While seated comfortably, you will be able to now perform tasks such as deploying new software, installing/removing updates on multiple machines/devices simultaneously. All with a push of a few buttons.
In the high-risk investment scene, automation has given traders more room for better research and analysis Thus relieving you from the known stresses and mundane tasks associated with trading.
For many trading houses and brokers, AI has even completely taken over the mundane task of making and executing trades.
If you haven’t already, read this great book entitled: The Fear Index (thriller by Robert Harris). Though fiction, it illustrates the use of a machine learning tool using algorithms to help a hedge fund company generate billions for its investors.
The use of AI is not without fault. It can also lead to costly system-generated errors like the trading error a few years at Goldman Sachs cost the firm $100 million and other cases.
Other use cases
It can still, on a ‘micro’ level, help free human capital (individuals) from PC-related issues. So things like having stress, headaches, backaches, and lack of time spent with family and friends can be a thing of the past.
In the industrial and manufacturing sectors, the advent of AI creates even more of a fear and a concern. The number (staffing) of redundancies, may increase when it is introduced.
This would require careful planning to ensure the blue-collars that are ‘replaced’, are compensated. More so, they would need to be incorporated into different areas of businesses.
Limits of robotics
Obviously, not every task need to be automated or performed by robots. We (as humans) are still required to check-up, inspect, and perform quality checks for instance.
We can, as a result, deal with inter-personal jobs that require more empathy like in customer and social service.

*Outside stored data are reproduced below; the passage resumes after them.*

definition two_sided_orbit :: "('a \<Rightarrow> 'a) \<Rightarrow> (nat \<Rightarrow> 'a) \<Rightarrow> int \<Rightarrow> 'a" where
  "two_sided_orbit f b N = (if N \<ge> 0 then (f ^^ nat N) (b 0) else b (nat (- N)))"

lemma two_sided_orbit_step:
  assumes "\<And>d. f (b (Suc d)) = b d"
  shows "two_sided_orbit f b (N + 1) = f (two_sided_orbit f b N)"
proof -
  consider "N \<ge> 0" | "N = -1" | "N < -1" by linarith
  then show ?thesis
  proof cases
    case 1
    then have "nat (N + 1) = Suc (nat N)" by simp
    then show ?thesis using 1 by (simp add: two_sided_orbit_def)
  next
    case 2
    then show ?thesis using assms[of 0] by (simp add: two_sided_orbit_def)
  next
    case 3
    then have "nat (- N) = Suc (nat (- (N + 1)))" by simp
    then show ?thesis using 3 assms by (simp add: two_sided_orbit_def)
  qed
qed

lemma C_ext_odd_eq_two_sided_orbit:
  assumes "k \<ge> 1"
  shows "C_ext (2 * k - 1) = (\<lambda>N. two_sided_orbit (transfer (2 * k)) (backward_orbit k) N 0)"
proof (rule C_ext_eqI)
  have "two_sided_orbit (transfer (2 * k)) (backward_orbit k) (N + 1)
      = transfer (2 * k) (two_sided_orbit (transfer (2 * k)) (backward_orbit k) N)" for N
    using transfer_backward_orbit_Suc by (rule two_sided_orbit_step)
  then show "satisfies_rec (reflect_poly (path_charpoly (2 * k)))
      (\<lambda>N. two_sided_orbit (transfer (2 * k)) (backward_orbit k) N 0)"
    by (rule transfer_orbit_satisfies_rec)
  show "coeff (reflect_poly (path_charpoly (2 * k))) 0 \<noteq> 0" by simp
  fix N
  have "Suc (2 * k - 1) = 2 * k" using assms by simp
  then show "two_sided_orbit (transfer (2 * k)) (backward_orbit k) (int N) 0 = of_nat (C_nonneg (2 * k - 1) N)"
    using assms transfer_power_delta0[where K = "2 * k - 1" and N = N and i = 0]
    by (simp add: two_sided_orbit_def backward_orbit_def back_even_0 C_nonneg_def bounded_dyck_paths_eq)
qed

theorem corollary13:
  fixes n k :: nat
  assumes "n \<ge> 1" and "k \<ge> 1"
  shows "C_ext (2*k - 1) (- 2 * int n) = of_nat (card (alt_seqs (2*n - 1) k))"
proof -
  obtain m where n: "n = Suc m" using assms(1) by (cases n) auto
  have "C_ext (2 * k - 1) (- 2 * int n) = backward_orbit k (2 * n) 0"
    unfolding C_ext_odd_eq_two_sided_orbit[OF assms(2)]
    using assms(1) by (simp add: two_sided_orbit_def nat_mult_distrib)
  also have "\<dots> = alt_count k n (int k)"
    using assms(2) by (simp add: backward_orbit_def back_even_def)
  also have "\<dots> = of_nat (card (alt_seqs (2 * n - 1) k))"
    using n alt_count_full by simp
  finally show ?thesis .
qed

end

Human resources or getting into corporate social responsibility (CSI) projects that reach out to communities.
More importantly, policies by governments will need to focus ever so more on job-creation. Governments must now adopt innovative means of creating jobs or foster and supporting entrepreneurship. Projects like those of Mr. Tesla/Mr. PayPal/Mr. SpaceX has created thousands of new jobs.
As for the use of AI in weaponry and military defense systems, the less said the better. When it comes to privacy and security concerns we can only hope that rogue politicians don’t get unregulated access to such technology. In such a case we would only be able to protest and hope not to feature in a real-life James Cameron sequel to Judgment Day.